• [What you need to do]
Search the entries for the word "bullet" and pull out each line that has it.
☆ ☆ ☆
lemma lat_gen_Z2:
  assumes "a \<in> Z2" "b \<in> Z2"
  shows "lat_gen a b \<subseteq> Z2"
proof
  fix z assume "z \<in> lat_gen a b"
  then obtain i j where z: "z = of_int i *\<^sub>R a + of_int j *\<^sub>R b" unfolding lat_gen_def by blast
  obtain a1 a2 where a: "a = (of_int a1, of_int a2)" using assms(1) by (rule Z2E)
  obtain b1 b2 where b: "b = (of_int b1, of_int b2)" using assms(2) by (rule Z2E)
  have "z = (of_int (i*a1 + j*b1), of_int (i*a2 + j*b2))" unfolding z a b by simp
  then show "z \<in> Z2" using Z2I[of "i*a1 + j*b1" "i*a2 + j*b2"] by simp
qed

text \<open>An integral (p,q)-basis of scale 1 consists of shortest vectors of the lattice it
  spans, since \<open>Q_{p,q}\<close> is at least q at nonzero integer points.\<close>
lemma pq_lattice_min:
  assumes S: "in_S p q" and Z: "a \<in> Z2" "b \<in> Z2" and B: "pq_basis p q 1 a b"
    and d: "det2 a b \<noteq> 0"
  shows "lat_min (lat_gen a b) = sqrt (real q)"
proof -
  define L where "L = lat_gen a b"
  have lat: "is_lattice L" unfolding is_lattice_def lattice_basis_def L_def using d by blast
  have sub: "L \<subseteq> Z2" unfolding L_def using lat_gen_Z2[OF Z] .
  obtain z where z: "z \<in> L - {0}" "norm z = lat_min L" "\<And>y. y \<in> L - {0} \<Longrightarrow> norm z \<le> norm y"
    using Z2_lattice_min_attained[OF lat sub] by blast
  obtain i j where zij: "z = of_int i *\<^sub>R a + of_int j *\<^sub>R b" using z(1) unfolding L_def lat_gen_def by blast
  have "(i, j) \<noteq> (0, 0)" using z(1) zij by auto
  then have "real q \<le> real q * (of_int i^2 + of_int j^2) + 2 * rho p q * of_int i * of_int j"
    by (rule binary_form_ge[OF _ rho_bounds(1,3)[OF S]])
  also have "\<dots> = (norm z)^2"
    using norm_form_pq_basis[OF B, of "of_int i" "of_int j"]
    unfolding zij norm_form_def Qpq_def by (simp add: algebra_simps)
  finally have "real q \<le> (norm z)^2" .
  moreover have "a \<in> L - {0}" using d lat_gen_a unfolding L_def det2_def by auto
  then have "(norm z)^2 \<le> (norm a)^2" using z(3) by (simp add: power_mono)
  then have "(norm z)^2 \<le> real q" using B by (simp add: pq_basis_def power2_norm_eq_inner)
  ultimately have "norm z = sqrt (real q)" by (metis norm_ge_zero real_sqrt_unique order_antisym)
  then show ?thesis using z(2) unfolding L_def by simp
qed

lemma pq_lattice_properties:
  assumes S: "in_S p q" and Z: "a \<in> Z2" "b \<in> Z2" and B: "pq_basis p q 1 a b"
    and dab: "\<bar>det2 a b\<bar> = real p"
  shows "lat_gen a b \<in> C_set p q" "lat_min (lat_gen a b) = sqrt (real q)"
    "lat_det (lat_gen a b) = real p" "minimal_basis (lat_gen a b) a b"
proof -
  define L where "L = lat_gen a b"
  have d: "det2 a b \<noteq> 0" using dab in_S_basic(1)[OF S] by auto
  have lb: "lattice_basis L a b" unfolding lattice_basis_def L_def using d by simp
  have lm: "lat_min L = sqrt (real q)" unfolding L_def using pq_lattice_min[OF S Z B d] .
  have "norm a = sqrt (real q)" "norm b = sqrt (real q)"
    using B by (simp_all add: norm_eq_sqrt_inner pq_basis_def)
  then have amin: "a \<in> min_vecs L" "b \<in> min_vecs L"
    unfolding min_vecs_def using lm lat_gen_a lat_gen_b L_def by auto
  have "v \<in> span (min_vecs L)" for v
    using amin by (subst det2_coordinates[OF d, of v]) (intro span_add span_scale span_base)
  then have "span (min_vecs L) = UNIV" by auto
  then have LW: "L \<in> WR_Z2"
    using lb lat_gen_Z2[OF Z] unfolding WR_Z2_def well_rounded_def is_lattice_def L_def by blast
  have ld: "lat_det L = real p" using lat_det_eq[OF lb] dab by simp
  have "sin (wr_theta L) = real p / real q" using wr_theta_sin[OF LW] ld lm by simp
  then show "lat_gen a b \<in> C_set p q" using LW unfolding C_set_def L_def by simp
  show "lat_min (lat_gen a b) = sqrt (real q)" "lat_det (lat_gen a b) = real p"
    using lm ld unfolding L_def by simp_all
  show "minimal_basis (lat_gen a b) a b" using lb amin unfolding minimal_basis_def L_def by simp
qed

definition basis_map ::
    "real \<times> real \<Rightarrow> real \<times> real \<Rightarrow> real \<times> real \<Rightarrow> real \<times> real \<Rightarrow> real \<times> real \<Rightarrow> real \<times> real" where
  "basis_map a b a' b' v = (det2 v b / det2 a b) *\<^sub>R a' + (det2 a v / det2 a b) *\<^sub>R b'"

lemma basis_map_linear: "linear (basis_map a b a' b')"
proof (rule linearI)
  show "basis_map a b a' b' (u + v) = basis_map a b a' b' u + basis_map a b a' b' v" for u v
    unfolding basis_map_def det2_add_left det2_add_right
    by (simp add: add_divide_distrib scaleR_add_left)
  show "basis_map a b a' b' (r *\<^sub>R u) = r *\<^sub>R basis_map a b a' b' u" for r u
    unfolding basis_map_def det2_scale_left det2_scale_right by (simp add: scaleR_add_right)
qed

lemma basis_map_comb:
  assumes "det2 a b \<noteq> 0"
  shows "basis_map a b a' b' (\<alpha> *\<^sub>R a + \<beta> *\<^sub>R b) = \<alpha> *\<^sub>R a' + \<beta> *\<^sub>R b'"
  using assms unfolding basis_map_def
  by (simp add: det2_add_left det2_add_right det2_scale_left det2_scale_right det2_self)

lemma basis_map_lattice:
  assumes "det2 a b \<noteq> 0"
  shows "basis_map a b a' b' ` lat_gen a b = lat_gen a' b'"
  using lat_gen_linear_image[OF basis_map_linear[of a b a' b'], of a b]
    basis_map_comb[OF assms, of a' b' 1 0] basis_map_comb[OF assms, of a' b' 0 1] by simp

lemma basis_map_orthogonal:
  assumes d: "det2 a b \<noteq> 0" and c: "c > 0"
    and gram: "a' \<bullet> a' = c^2 * (a \<bullet> a)" "b' \<bullet> b' = c^2 * (b \<bullet> b)" "a' \<bullet> b' = c^2 * (a \<bullet> b)"
  shows "orthogonal_transformation (\<lambda>v. (1/c) *\<^sub>R basis_map a b a' b' v)"
  unfolding orthogonal_transformation_def
proof (intro conjI allI)
  show "linear (\<lambda>v. (1/c) *\<^sub>R basis_map a b a' b' v)"
    by (rule linear_compose_scale_right[OF basis_map_linear])
  fix v w
  obtain \<alpha> \<beta> where v: "v = \<alpha> *\<^sub>R a + \<beta> *\<^sub>R b" using det2_coordinates[OF d] by blast
  obtain \<gamma> \<delta> where w: "w = \<gamma> *\<^sub>R a + \<delta> *\<^sub>R b" using det2_coordinates[OF d] by blast
  have "((1/c) *\<^sub>R a') \<bullet> ((1/c) *\<^sub>R a') = a \<bullet> a" "((1/c) *\<^sub>R b') \<bullet> ((1/c) *\<^sub>R b') = b \<bullet> b"
    "((1/c) *\<^sub>R a') \<bullet> ((1/c) *\<^sub>R b') = a \<bullet> b"
    using gram c by (simp_all add: power2_eq_square)
  then show "((1/c) *\<^sub>R basis_map a b a' b' v) \<bullet> ((1/c) *\<^sub>R basis_map a b a' b' w) = v \<bullet> w"
    unfolding v w basis_map_comb[OF d] scaleR_add_right scaleR_scaleR mult.commute[of "1/c"]
    by (simp only: flip: scaleR_scaleR) (simp only: inner_comb)
qed

lemma basis_map_rational:
  assumes "a \<in> Z2" "b \<in> Z2" "x \<in> Z2" "y \<in> Z2" "v \<in> Z2"
  shows "fst (basis_map a b x y v) \<in> \<rat>" "snd (basis_map a b x y v) \<in> \<rat>"
proof -
  obtain a1 a2 where a: "a = (of_int a1, of_int a2)" using assms(1) by (rule Z2E)
  obtain b1 b2 where b: "b = (of_int b1, of_int b2)" using assms(2) by (rule Z2E)
  obtain x1 x2 where x: "x = (of_int x1, of_int x2)" using assms(3) by (rule Z2E)
  obtain y1 y2 where y: "y = (of_int y1, of_int y2)" using assms(4) by (rule Z2E)
  obtain v1 v2 where v: "v = (of_int v1, of_int v2)" using assms(5) by (rule Z2E)
  show "fst (basis_map a b x y v) \<in> \<rat>" "snd (basis_map a b x y v) \<in> \<rat>"
    unfolding basis_map_def a b x y v det2_def
    by (simp_all del: of_int_mult of_int_diff add: of_int_mult[symmetric] of_int_diff[symmetric])
qed

section \<open>Sums over \<open>(A - {0}) / {\<plusminus>1}\<close> and the Epstein zeta function\<close>

lemma some_in_pm_class:
  assumes "\<And>x. f (- x) = f x"
  shows "f (SOME w. w \<in> {x, - x}) = f x"
proof -
  have "(SOME w. w \<in> {x, - x}) \<in> {x, - x}" by (rule someI_ex) blast
  then show ?thesis using assms by auto
qed

lemma sum_pm_cong:
  assumes "\<And>x. x \<noteq> 0 \<Longrightarrow> f x = g x"
  shows "sum_pm f A = sum_pm g A"
  unfolding sum_pm_def
proof (rule infsum_cong)
  fix C assume "C \<in> {{x, - x} |x. x \<in> A - {0}}"
  then obtain x where "x \<noteq> 0" "C = {x, - x}" by blast
  moreover have "(SOME w. w \<in> C) \<in> C" by (rule someI_ex) (use \<open>C = {x, - x}\<close> in blast)
  ultimately show "f (SOME w. w \<in> C) = g (SOME w. w \<in> C)" using assms by auto
qed

lemma sum_pm_cmult: "sum_pm (\<lambda>x. c * f x) A = c * sum_pm f A"
  unfolding sum_pm_def by (rule infsum_cmult_right')

lemma sum_pm_reindex:
  assumes inj: "inj \<phi>" and zero: "\<phi> 0 = 0" and odd: "\<And>z. \<phi> (- z) = - \<phi> z"
    and even: "\<And>x. f (- x) = f x"
  shows "sum_pm f (\<phi> ` A) = sum_pm (\<lambda>z. f (\<phi> z)) A"
proof -
  define CA where "CA = {{z, - z} |z. z \<in> A - {0}}"
  define CB where "CB = {{v, - v} |v. v \<in> \<phi> ` A - {0}}"
  have "(\<lambda>C. \<phi> ` C) ` CA = CB"
  proof
    show "(\<lambda>C. \<phi> ` C) ` CA \<subseteq> CB"
    proof
      fix D assume "D \<in> (\<lambda>C. \<phi> ` C) ` CA"
      then obtain z where z: "z \<in> A" "z \<noteq> 0" "D = \<phi> ` {z, - z}" unfolding CA_def by blast
      then have "\<phi> z \<noteq> 0" using inj zero by (metis injD)
      then show "D \<in> CB" unfolding CB_def using z odd by auto
    qed
    show "CB \<subseteq> (\<lambda>C. \<phi> ` C) ` CA"
    proof
      fix D assume "D \<in> CB"
      then obtain z where z: "z \<in> A" "\<phi> z \<noteq> 0" "D = {\<phi> z, - \<phi> z}" unfolding CB_def by blast
      then have "z \<noteq> 0" "D = \<phi> ` {z, - z}" using zero odd by auto
      then show "D \<in> (\<lambda>C. \<phi> ` C) ` CA" unfolding CA_def using z(1) by blast
    qed
  qed
  then have bij: "bij_betw (\<lambda>C. \<phi> ` C) CA CB"
    unfolding bij_betw_def using inj_on_image[of \<phi> CA] by (simp add: inj_on_subset[OF inj])
  have "sum_pm f (\<phi> ` A) = infsum (\<lambda>C. f (SOME v. v \<in> \<phi> ` C)) CA"
    unfolding sum_pm_def CB_def[symmetric]
    using infsum_reindex_bij_betw[OF bij, of "\<lambda>C. f (SOME v. v \<in> C)"] by simp
  also have "\<dots> = infsum (\<lambda>C. f (\<phi> (SOME w. w \<in> C))) CA"
  proof (rule infsum_cong)
    fix C assume "C \<in> CA"
    then obtain z where C: "C = {z, - z}" unfolding CA_def by blast
    have "f (SOME v. v \<in> \<phi> ` C) = f (\<phi> z)" using some_in_pm_class[of f, OF even] C odd by simp
    also have "\<dots> = f (\<phi> (SOME w. w \<in> C))"
      using some_in_pm_class[of "\<lambda>w. f (\<phi> w)" z] C odd even by simp
    finally show "f (SOME v. v \<in> \<phi> ` C) = f (\<phi> (SOME w. w \<in> C))" .
  qed
  finally show ?thesis unfolding sum_pm_def CA_def .
qed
☆ ☆ ☆
• [Task solution]
    and gram: "a' \<bullet> a' = c^2 * (a \<bullet> a)" "b' \<bullet> b' = c^2 * (b \<bullet> b)" "a' \<bullet> b' = c^2 * (a \<bullet> b)"
  have "((1/c) *\<^sub>R a') \<bullet> ((1/c) *\<^sub>R a') = a \<bullet> a" "((1/c) *\<^sub>R b') \<bullet> ((1/c) *\<^sub>R b') = b \<bullet> b"
    "((1/c) *\<^sub>R a') \<bullet> ((1/c) *\<^sub>R b') = a \<bullet> b"
  then show "((1/c) *\<^sub>R basis_map a b a' b' v) \<bullet> ((1/c) *\<^sub>R basis_map a b a' b' w) = v \<bullet> w"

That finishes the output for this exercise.